Fast forward 2 years and I'm single, lonely, depressed and missing the little girl. I've had no contact with them. Through the grapevine, I hear my little girls real dad has nothing to do with her. No contact, no father. From the story I get, the real dad was married and refused her.
I set up a meeting with my little girl after two years to get a feeling on the situation and it was like those two years never happened. She ran up to me like she just saw me yesterday. I talked to the mother and I said that I'll take care of her. We never went to court. No child support has ever been filed. We don't fight about anything. I tell her if she needs anything as far as money or clothes, whatever, I'll take care of it.

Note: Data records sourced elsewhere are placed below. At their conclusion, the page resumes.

lemma degree_v1_le_3: "degree E v1 \<le> 3"
proof (rule ccontr)
  assume "\<not> degree E v1 \<le> 3"
  then have "\<not> {f \<in> E. v1 \<in> f} \<subseteq> {{a, v1, v2}, {b, v4, v1}, {c, v1, v3}}"
    using card_mono[of "{{a, v1, v2}, {b, v4, v1}, {c, v1, v3}}" "{f \<in> E. v1 \<in> f}"]
      card_length[of "[{a, v1, v2}, {b, v4, v1}, {c, v1, v3}]"] unfolding degree_def by fastforce
  then obtain f where f: "f \<in> E" "v1 \<in> f" "f \<noteq> {a, v1, v2}" "f \<noteq> {b, v4, v1}" "f \<noteq> {c, v1, v3}"
    by blast
  have "a \<notin> f" "v2 \<notin> f"
    using edge_eqI[OF f(1) a_edges(1), of v1] f vertices_distinct by auto
  moreover have "b \<notin> f" "v4 \<notin> f"
    using edge_eqI[OF f(1) b_edges(2), of v1] f vertices_distinct by auto
  moreover have "c \<notin> f"
    using c_edges[OF f(1)] f vertices_distinct by auto
  moreover obtain u w where "f = {v1, u, w}"
    using f(1,2) by (elim edge_through)
  ultimately show False
    using chord_v1_v3[of w] chord_v1_v3[of u] edge_at_v1_meets_square[of u w] f(1)
    by (cases "v3 \<in> {u, w}") (auto simp: insert_commute)
qed

lemma rotate: "heavy_configuration V E b a c v2 v3 v4 v1 v6 v7 v8 v5"
proof -
  have "{{c, v2, v4}, {c, v3, v1}, {c, v6, v8}, {c, v7, v5}} = diagonals"
    by (simp add: insert_commute)
  moreover have "{b, a, c} = {a, b, c}"
    by (simp add: insert_commute)
  moreover have "distinct [b, a, c, v2, v3, v4, v1, v6, v7, v8, v5]"
    using vertices_distinct by auto
  ultimately show ?thesis
    using linear crown_free a_edges b_edges c_edges missing_diagonal
    by unfold_locales (simp_all add: insert_commute)
qed

lemma swap: "heavy_configuration V E a b c v5 v6 v7 v8 v1 v2 v3 v4"
proof -
  have "{{c, v5, v7}, {c, v6, v8}, {c, v1, v3}, {c, v2, v4}} = diagonals"
    by (simp add: insert_commute)
  moreover have "distinct [a, b, c, v5, v6, v7, v8, v1, v2, v3, v4]"
    using vertices_distinct by auto
  ultimately show ?thesis
    using linear crown_free a_edges b_edges c_edges missing_diagonal
    by unfold_locales simp_all
qed

lemma degree_le_3:
  assumes "v \<in> {v1, v2, v3, v4, v5, v6, v7, v8}"
  shows "degree E v \<le> 3"
proof -
  note r1 = rotate and s0 = swap
  note r2 = heavy_configuration.rotate[OF r1] and s1 = heavy_configuration.rotate[OF s0]
  note r3 = heavy_configuration.rotate[OF r2] and s2 = heavy_configuration.rotate[OF s1]
  note s3 = heavy_configuration.rotate[OF s2]
  show ?thesis
    using assms degree_v1_le_3 heavy_configuration.degree_v1_le_3[OF r1]
      heavy_configuration.degree_v1_le_3[OF r2] heavy_configuration.degree_v1_le_3[OF r3]
      heavy_configuration.degree_v1_le_3[OF s0] heavy_configuration.degree_v1_le_3[OF s1]
      heavy_configuration.degree_v1_le_3[OF s2] heavy_configuration.degree_v1_le_3[OF s3]
    by auto
qed

end

locale heavy_edge = crown_free_lin3graph +
  fixes a b c :: 'a
  assumes edge: "{a, b, c} \<in> E"
    and degree_a: "degree E a = 5" and degree_b: "degree E b = 5" and degree_c: "4 \<le> degree E c"
begin

lemma edge_permutations: "{a, c, b} \<in> E" "{b, a, c} \<in> E" "{b, c, a} \<in> E" "{c, a, b} \<in> E"
  using edge by (simp_all add: insert_commute)

lemmas abc_distinct = edge_distinct[OF edge]

text \<open>Otherwise the edge at \<open>a\<close> through \<open>t\<close>, an edge at \<open>b\<close> avoiding it, and \<open>cpq\<close> form a
  crown with centre \<open>abc\<close>.\<close>

lemma b_edge_crosses:
  assumes cpq: "{c, p, q} \<in> E" "{c, p, q} \<noteq> {a, b, c}"
    and aq: "{a, q, q'} \<in> E" and bp: "{b, p, t} \<in> E"
  shows "t = q'"
proof (rule ccontr)
  assume "t \<noteq> q'"
  note cpq_distinct = edge_distinct[OF cpq(1)]
  have "{c, p, q} \<noteq> {c, a, b}"
    using cpq(2) by (simp add: insert_commute)
  then have pq: "{p, q} \<inter> {a, b} = {}"
    using edges_at_disjoint[OF cpq(1) edge_permutations(4)] by blast
  obtain p' where ap: "{a, p, p'} \<in> E"
    using neighbour_of_third_joins_first[OF edge _ _ cpq] degree_a degree_b by auto
  have p': "p' \<notin> {b, c}"
    using edges_at_avoid[OF ap edge] pq cpq_distinct by auto
  have perms: "{p, b, t} \<in> E" "{p, c, q} \<in> E" "{p, a, p'} \<in> E" "{b, t, p} \<in> E"
    using bp cpq(1) ap by (simp_all add: insert_commute)
  have t: "t \<notin> {c, a}" "t \<notin> {c, q}" "t \<notin> {a, p'}"
    using edges_at_avoid[OF bp edge_permutations(3)] edges_at_avoid[OF perms(1,2)]
      edges_at_avoid[OF perms(1,3)] pq cpq_distinct abc_distinct p' by auto
  have "p \<notin> {a, c, b}"
    using pq cpq_distinct by auto
  then have "{b, t, p} \<noteq> {a, c, b}"
    by blast
  then obtain t' where at: "{a, t, t'} \<in> E"
    using neighbour_of_third_joins_first[OF edge_permutations(1) _ _ perms(4)] degree_a degree_c
    by auto
  have t': "t' \<notin> {b, c}" "t' \<notin> {p, p'}" "t' \<notin> {q, q'}"
    using edges_at_avoid[OF at edge] edges_at_avoid[OF at ap] edges_at_avoid[OF at aq]
      t \<open>t \<noteq> q'\<close> edge_distinct[OF bp] by auto
  obtain f h where B: "{b, f, h} \<in> E" "distinct [b, f, h]" "f \<notin> {a, t', p, q}" "h \<notin> {a, t', p, q}"
    using edge_avoiding_list[of b "[a, t', p, q]"] degree_b abc_distinct t' pq by auto
  have "c \<notin> {f, h}" "t \<notin> {f, h}"
    using edges_at_avoid[OF edge_permutations(2) B(1)] edges_at_avoid[OF bp B(1)] B by auto
  then show False
    using no_crown[OF edge at B(1) cpq(1)] abc_distinct cpq_distinct pq t t' B
      edge_distinct[OF at] edge_distinct[OF bp] by auto
qed

lemma c_edge_square:
  assumes crs: "{c, r, s} \<in> E" "{c, r, s} \<noteq> {a, b, c}"
  obtains r' s' where "{a, r, r'} \<in> E" "{a, s, s'} \<in> E" "{b, r', s} \<in> E" "{b, s', r} \<in> E"
    "distinct [a, b, c, r, r', s, s']"
proof -
  have csr: "{c, s, r} \<in> E" "{c, s, r} \<noteq> {a, b, c}" "{c, r, s} \<noteq> {b, a, c}" "{c, s, r} \<noteq> {b, a, c}"
    using crs by (simp_all add: insert_commute)
  obtain r' s' where ar: "{a, r, r'} \<in> E" and as: "{a, s, s'} \<in> E"
    using neighbour_of_third_joins_first[OF edge _ _ crs] neighbour_of_third_joins_first[OF edge _ _ csr(1,2)]
      degree_a degree_b by auto
  obtain t u where "{b, r, t} \<in> E" "{b, s, u} \<in> E"
    using neighbour_of_third_joins_first[OF edge_permutations(2) _ _ crs(1) csr(3)]
      neighbour_of_third_joins_first[OF edge_permutations(2) _ _ csr(1) csr(4)] degree_a degree_b by auto
  moreover have "t = s'" if "{b, r, t} \<in> E"
    using b_edge_crosses[OF crs as that] .
  moreover have "u = r'" if "{b, s, u} \<in> E"
    using b_edge_crosses[OF csr(1,2) ar that] .
  ultimately have br: "{b, r', s} \<in> E" "{b, s', r} \<in> E"
    by (simp_all add: insert_commute)
  have "{c, r, s} \<noteq> {c, a, b}"
    using crs(2) by (simp add: insert_commute)
  then have rs: "{r, s} \<inter> {a, b} = {}"
    using edges_at_disjoint[OF crs(1) edge_permutations(4)] by blast
  have r's': "r' \<notin> {b, c}" "s' \<notin> {b, c}"
    using edges_at_avoid[OF ar edge] edges_at_avoid[OF as edge] rs edge_distinct[OF crs(1)] by auto
  have "{r, c, s} \<in> E" "{r, a, r'} \<in> E" "{s, c, r} \<in> E" "{s, a, s'} \<in> E"
    using crs(1) ar as by (simp_all add: insert_commute)
  then have "s \<notin> {a, r'}" "r \<notin> {a, s'}"
    using edges_at_avoid[of r c s a r'] edges_at_avoid[of s c r a s'] abc_distinct r's' by auto
  moreover have "r' \<notin> {s, s'}"
    using edges_at_avoid[OF ar as] calculation(2) edge_distinct[OF crs(1)] by auto
  moreover note r's'
  ultimately have "distinct [a, b, c, r, r', s, s']"
    using rs abc_distinct edge_distinct[OF crs(1)] edge_distinct[OF ar] edge_distinct[OF as] by auto
  with ar as br that show ?thesis
    by blast
qed

lemma c_edge_opposite:
  assumes "{a, r, r'} \<in> E" "{b, s', r} \<in> E" "r' \<notin> {a, b, c}" and cry: "{c, r', y} \<in> E"
  shows "y = s'"
proof -
  have "{c, r', y} \<noteq> {a, b, c}"
    using assms(3) by blast
  then obtain r'' where "{a, r', r''} \<in> E" "{b, r'', y} \<in> E"
    using cry by (elim c_edge_square)
  moreover have "{a, r', r} \<in> E" "{b, r, s'} \<in> E"
    using assms(1,2) by (simp_all add: insert_commute)
  ultimately show ?thesis
    using edge_third_vertex[of a r' r'' r] edge_third_vertex[of b r s' y] by auto
qed

lemma c_edges_meeting_square:
  assumes "{a, r, r'} \<in> E" "{a, s, s'} \<in> E" "{b, r', s} \<in> E" "{b, s', r} \<in> E"
    and "{c, r, s} \<in> E" "distinct [a, b, c, r, r', s, s']"
    and f: "f \<in> E" "c \<in> f" "x \<in> f" "x \<in> {r, s, r', s'}"
  shows "f = {c, r, s} \<or> f = {c, r', s'}"
proof -
  have "c \<noteq> x"
    using f(4) assms(6) by auto
  then obtain y where fxy: "f = {c, x, y}"
    using edge_through_pair[OF f(1,2,3)] by blast
  then have cxy: "{c, x, y} \<in> E"
    using f(1) by simp
  consider "x = r" | "x = s" | "x = r'" | "x = s'"
    using f(4) by blast
  then show ?thesis
  proof cases
    case 1
    then show ?thesis
      using edge_third_vertex[of c r s y] assms(5) cxy fxy by simp
  next
    case 2
    have "{c, s, r} \<in> E"
      using assms(5) by (simp add: insert_commute)
    then have "y = r"
      using edge_third_vertex[of c s r y] cxy 2 by simp
    then show ?thesis
      using fxy 2 by (simp add: insert_commute)
  next
    case 3
    then show ?thesis
      using c_edge_opposite[OF assms(1,4) _ cxy[unfolded 3]] assms(6) fxy by auto
  next
    case 4
    then have "y = r'"
      using c_edge_opposite[OF assms(2,3) _ cxy[unfolded 4]] assms(6) by auto
    then show ?thesis
      using fxy 4 by (simp add: insert_commute)
  qed
qed

lemma first_square:
  obtains v1 v2 v3 v4 where "{c, v1, v3} \<in> E" "{a, v1, v2} \<in> E" "{a, v3, v4} \<in> E"
    "{b, v2, v3} \<in> E" "{b, v4, v1} \<in> E" "distinct [a, b, c, v1, v2, v3, v4]"
proof -
  obtain r s where crs: "{c, r, s} \<in> E" "distinct [c, r, s]" "r \<notin> {a}" "s \<notin> {a}"
    using edge_avoiding_list[of c "[a]"] degree_c abc_distinct by auto
  then have "a \<notin> {c, r, s}"
    using abc_distinct by auto
  then have "{c, r, s} \<noteq> {a, b, c}"
    by blast
  then obtain r' s' where "{a, r, r'} \<in> E" "{a, s, s'} \<in> E" "{b, r', s} \<in> E" "{b, s', r} \<in> E"
    "distinct [a, b, c, r, r', s, s']"
    using c_edge_square[OF crs(1)] by blast
  then show ?thesis
    using that[OF crs(1)] by blast
qed

lemma second_square:
  assumes "{c, v1, v3} \<in> E" "{a, v1, v2} \<in> E" "{a, v3, v4} \<in> E" "{b, v2, v3} \<in> E" "{b, v4, v1} \<in> E"
    and "distinct [a, b, c, v1, v2, v3, v4]"
  obtains v5 v6 v7 v8 where "{c, v5, v7} \<in> E" "{a, v5, v6} \<in> E" "{a, v7, v8} \<in> E"
    "{b, v6, v7} \<in> E" "{b, v8, v5} \<in> E" "distinct [a, b, c, v1, v2, v3, v4, v5, v6, v7, v8]"
proof -
  have "\<exists>f\<in>E. c \<in> f \<and> f \<noteq> {a, b, c} \<and> f \<inter> {v1, v2, v3, v4} = {}"
  proof (rule ccontr)
    assume no_edge: "\<not> ?thesis"
    have "f \<in> {{a, b, c}, {c, v1, v3}, {c, v2, v4}}" if "f \<in> E" "c \<in> f" for f
    proof (cases "f = {a, b, c}")
      case False
      with that no_edge obtain x where "x \<in> f" "x \<in> {v1, v3, v2, v4}"
        by blast
      then show ?thesis
        using c_edges_meeting_square[OF assms(2,3,4,5,1,6) that] by blast
    qed simp
    then have "degree E c \<le> card {{a, b, c}, {c, v1, v3}, {c, v2, v4}}"
      unfolding degree_def by (intro card_mono) auto
    also have "\<dots> \<le> 3"
      using card_length[of "[{a, b, c}, {c, v1, v3}, {c, v2, v4}]"] by simp
    finally show False
      using degree_c by simp
  qed
  then obtain f where f: "f \<in> E" "c \<in> f" "f \<noteq> {a, b, c}" "f \<inter> {v1, v2, v3, v4} = {}"
    by blast
  then obtain v5 v7 where f_eq: "f = {c, v5, v7}"
    by (elim edge_through)
  then obtain v6 v8 where sq: "{a, v5, v6} \<in> E" "{a, v7, v8} \<in> E" "{b, v6, v7} \<in> E"
    "{b, v8, v5} \<in> E" "distinct [a, b, c, v5, v6, v7, v8]"
    using c_edge_square[of v5 v7] f(1,3) by blast
  have "v6 \<notin> {v1, v2}" "v6 \<notin> {v3, v4}" "v8 \<notin> {v1, v2}" "v8 \<notin> {v3, v4}"
    using edges_at_avoid[OF sq(1) assms(2)] edges_at_avoid[OF sq(1) assms(3)]
      edges_at_avoid[OF sq(2) assms(2)] edges_at_avoid[OF sq(2) assms(3)] f(4) f_eq by auto
  then have "distinct [a, b, c, v1, v2, v3, v4, v5, v6, v7, v8]"
    using assms(6) sq(5) f(4) f_eq by auto
  then show ?thesis
    using that f(1) sq f_eq by blast
qed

She's now 10, I'm married, my wife accepts her with open arms and loves her like I do. She's an awesome kid. Great student. No troubles. I have to teach her a bit of humility because all she concerned about is being beautiful. But if that's my biggest worry with her, I think that's ok. I wouldn't change anything at all.
I will tell you one thing. I live in the south and you would think that a married white couple with 2 normal white kids and an older mixed girl, one would think you'd get more looks from white folks. Surprisingly, it's the black folks that gives us more "WTH?" looks than anything. But like I said, I wouldn't trade her for anything. I love that silly girl.